While activists were also disappointed there was no call for an immediate phase-out of fossil fuels, COP28 did focus on making the transition as equitable as possible. The Global North must take responsibility for their own emissions while providing aid for the Global South. Developing countries desperately need help in procuring green technologies from the Global North to achieve a just renewable energy transition.

To support these developing countries in need of aid, nations have pledged a total of $700 million thus far to the widely-discussed loss and damage fund. The EU’s pledge of $240 million was the largest, making them the biggest contributor to climate finance in the world.

But even more significant and less reported is the fact that $12.8 billion was pledged to the Green Climate Fund. The Fund was established within the UN Framework Convention on Climate Change as an operating entity to assist developing countries in adaptation and mitigation practices to counter climate change.

Together, these are at least a start to the trillions eventually needed to support the Global South in their energy transition and to address the devastating climate impacts affecting them.

What could have and should have been included in the COP28 agreement

2023 has been the hottest year in recorded history, and temperatures are only rising. And with fossil fuel companies planning to increase production to fulfill many countries’ reliance on fossil fuels, the phaseout is going to be a long, complicated process. There will need to be drastic amendments in the global financial system to scale up renewable energy, energy efficiency technologies and changes in other sectors including agriculture, conservation, and waste.

There was a lot of great work and language developed at COP28 that unfortunately was not incorporated into the final agreement. Representatives have been encouraged to form economy-wide emission reduction targets to keep global warming within a limit increase of 1.5°C by 2025. Plans should cover all greenhouse gasses and sectors with a focus on climate finance, as it is the backbone of climate change efforts. There are even talks of tripling the capacity to produce renewable energy and doubling energy efficiency improvements by 2030, leaving environmentalists and climate change activists hopeful of the next few years.

In negotiations, the Council stressed a number of ways to stay within the limit increase of 1.5°C. First, there needs to be a scale up in mobilizing finance for climate action. More funding will allow for a global phase out of fossil fuels and its subsidies to diminish our reliance on non-renewable energy sources. They also called for “all parties to make greater efforts to integrate climate change adaptation and resilience into existing policies and programs” in order to make sustainability a way of life, not a short term solution.

While these demands were not included in the final document, most world leaders are now recognizing (even if not implementing) the fundamental changes needed in our system if we are going to save the planet. The EU is determined to continue work with all parties outside of COP28. They hope to discuss implementation of climate action specifically in agriculture and food security.

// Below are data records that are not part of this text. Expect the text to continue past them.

lemma has_derivative_Gt_mult:
  fixes f h :: "'a::real_normed_vector \<Rightarrow> complex"
  assumes \<gamma>: "\<And>v. (\<gamma> has_real_derivative deriv \<gamma> v) (at v)"
    and f: "(f has_derivative F) (at x)" and h: "(h has_derivative H) (at x)" and "h x \<noteq> 0"
  shows "((\<lambda>y. complex_of_real (Gt \<gamma> t ((cmod (f y))\<^sup>2) ((cmod (h y))\<^sup>2)) * f y) has_derivative
     (\<lambda>u. complex_of_real (gam_t \<gamma> t ((cmod (f x))\<^sup>2 / (cmod (h x))\<^sup>2)) * F u
        + f x * complex_of_real (t * deriv \<gamma> ((cmod (f x))\<^sup>2 / (cmod (h x))\<^sup>2) *
           ((2 * Re (cnj (f x) * F u) * (cmod (h x))\<^sup>2 - (cmod (f x))\<^sup>2 * (2 * Re (cnj (h x) * H u)))
             / ((cmod (h x))\<^sup>2)\<^sup>2)))) (at x)"
proof -
  let ?q = "\<lambda>y. (cmod (f y))\<^sup>2 / (cmod (h y))\<^sup>2"
  let ?dq = "\<lambda>u. (2 * Re (cnj (f x) * F u) * (cmod (h x))\<^sup>2 - (cmod (f x))\<^sup>2 * (2 * Re (cnj (h x) * H u)))
             / ((cmod (h x))\<^sup>2)\<^sup>2"
  have "(cmod (h x))\<^sup>2 \<noteq> 0" using \<open>h x \<noteq> 0\<close> by simp
  with has_derivative_cmod_power2[OF f] has_derivative_cmod_power2[OF h]
  have q: "(?q has_derivative ?dq) (at x)"
    by (rule has_derivative_divide'[THEN has_derivative_eq_rhs]) (simp add: fun_eq_iff power2_eq_square)
  have "(gam_t \<gamma> t has_real_derivative t * deriv \<gamma> v) (at v)" for v
    unfolding gam_t_def[abs_def] by (rule derivative_eq_intros \<gamma> | simp)+
  then have "(gam_t \<gamma> t has_derivative (\<lambda>u. t * deriv \<gamma> v * u)) (at v)" for v
    by (simp add: has_field_derivative_def)
  from has_derivative_compose[OF q this] have
    "((\<lambda>y. gam_t \<gamma> t (?q y)) has_derivative (\<lambda>u. t * deriv \<gamma> (?q x) * ?dq u)) (at x)" .
  from has_derivative_mult[OF has_derivative_of_real[OF this] f]
  have "((\<lambda>y. complex_of_real (gam_t \<gamma> t (?q y)) * f y) has_derivative
     (\<lambda>u. complex_of_real (gam_t \<gamma> t (?q x)) * F u
        + f x * complex_of_real (t * deriv \<gamma> (?q x) * ?dq u))) (at x)"
    by (rule has_derivative_eq_rhs) (simp add: fun_eq_iff mult.commute mult.left_commute)
  moreover have "\<forall>\<^sub>F y in at x. h y \<noteq> 0"
    using has_derivative_continuous[OF h] \<open>h x \<noteq> 0\<close>
    by (simp add: continuous_at tendsto_imp_eventually_ne)
  then have "\<forall>\<^sub>F y in at x. complex_of_real (gam_t \<gamma> t (?q y)) * f y
      = complex_of_real (Gt \<gamma> t ((cmod (f y))\<^sup>2) ((cmod (h y))\<^sup>2)) * f y"
    by eventually_elim (simp add: Gt_def)
  ultimately show ?thesis
    by (rule has_derivative_transform_eventually) (use \<open>h x \<noteq> 0\<close> in \<open>simp_all add: Gt_def\<close>)
qed

section \<open>Zeros of a branch\<close>

lemma no_two_small_of_three:
  fixes a b c \<delta> :: real
  assumes "0 < \<delta>" "\<delta> < 1/2" and "0 \<le> a" "0 \<le> b" "0 \<le> c"
    and a: "a\<^sup>2 < \<delta>\<^sup>2 * max (b\<^sup>2) (c\<^sup>2)" and b: "b\<^sup>2 < \<delta>\<^sup>2 * max (a\<^sup>2) (c\<^sup>2)"
    and c: "a\<^sup>2 \<le> c\<^sup>2 \<Longrightarrow> b\<^sup>2 \<le> c\<^sup>2 \<Longrightarrow> c \<le> a + b"
  shows False
proof -
  have "\<delta>\<^sup>2 < 1" using assms(1,2) by (simp add: power_less_one_iff abs_less_iff)
  then have shrink: "\<delta>\<^sup>2 * z \<le> z" if "0 \<le> z" for z
    using mult_right_mono[of "\<delta>\<^sup>2" 1 z] that by simp
  consider "c\<^sup>2 \<le> b\<^sup>2" | "c\<^sup>2 \<le> a\<^sup>2" | "a\<^sup>2 \<le> c\<^sup>2" "b\<^sup>2 \<le> c\<^sup>2" by linarith
  then show False
  proof cases
    case 1
    with a have "a\<^sup>2 < b\<^sup>2" using shrink[of "b\<^sup>2"] by (simp add: max_def)
    with 1 have "\<delta>\<^sup>2 * max (a\<^sup>2) (c\<^sup>2) \<le> \<delta>\<^sup>2 * b\<^sup>2" by (intro mult_left_mono) simp_all
    with b show False using shrink[of "b\<^sup>2"] by simp
  next
    case 2
    with b have "b\<^sup>2 < a\<^sup>2" using shrink[of "a\<^sup>2"] by (simp add: max_def)
    with 2 have "\<delta>\<^sup>2 * max (b\<^sup>2) (c\<^sup>2) \<le> \<delta>\<^sup>2 * a\<^sup>2" by (intro mult_left_mono) simp_all
    with a show False using shrink[of "a\<^sup>2"] by simp
  next
    case 3
    with a b have "a\<^sup>2 < (\<delta> * c)\<^sup>2" "b\<^sup>2 < (\<delta> * c)\<^sup>2" by (auto simp: max_def power_mult_distrib)
    then have "a < \<delta> * c" "b < \<delta> * c"
      using assms(1,5) by (auto intro: power_less_imp_less_base)
    moreover have "2 * \<delta> * c \<le> c" using mult_right_mono[of "2 * \<delta>" 1 c] assms(2,5) by simp
    ultimately show False using c 3 by linarith
  qed
qed

lemma Re_mult_cnj_nonpos:
  fixes Wi Wk Wj :: complex and ci cj :: real
  assumes relation: "complex_of_real ci * Wi + Wk + complex_of_real cj * Wj = 0"
    and "0 \<le> cj" "cj \<le> 1" and "cmod Wj \<le> cmod Wk" and "0 < ci"
  shows "Re (Wi * cnj Wk) \<le> 0"
proof -
  have "Wk + complex_of_real ci * Wi = - (complex_of_real cj * Wj)"
    using relation by (simp add: algebra_simps eq_neg_iff_add_eq_0)
  then have "cmod (Wk + complex_of_real ci * Wi) = cj * cmod Wj"
    using assms(2) by (simp add: norm_mult)
  also have "\<dots> \<le> cmod Wk"
    using assms(2-4) by (meson dual_order.trans mult_left_le_one_le norm_ge_zero)
  finally have "(cmod (Wk + complex_of_real ci * Wi))\<^sup>2 \<le> (cmod Wk)\<^sup>2"
    by (simp add: power_mono)
  moreover have "(cmod (Wk + complex_of_real ci * Wi))\<^sup>2
      = (cmod Wk)\<^sup>2 + 2 * ci * Re (Wi * cnj Wk) + ci\<^sup>2 * (cmod Wi)\<^sup>2"
    by (rule of_real_eq_iff[where 'a=complex, THEN iffD1])
      (simp only: of_real_add of_real_mult complex_norm_square of_real_Re of_real_numeral,
        simp add: algebra_simps power2_eq_square)
  ultimately have "2 * ci * Re (Wi * cnj Wk) \<le> - (ci\<^sup>2 * (cmod Wi)\<^sup>2)" by linarith
  also have "\<dots> \<le> 0" by simp
  finally have "ci * Re (Wi * cnj Wk) \<le> 0" by simp
  with \<open>0 < ci\<close> show ?thesis by (simp add: mult_le_0_iff)
qed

The Conclusion: There is still hope but we need to act

Even though most countries are off track on their progress for their Paris Agreement goals, this year’s agreement is an essential tool. After this consensus, representatives can effectively fight for policy change and amendments to current economic models that will ultimately lead to a more sustainable and equitable way of life for everyone. There is no easy solution for our current climate crisis, but the world’s governments are finally taking steps in the right direction.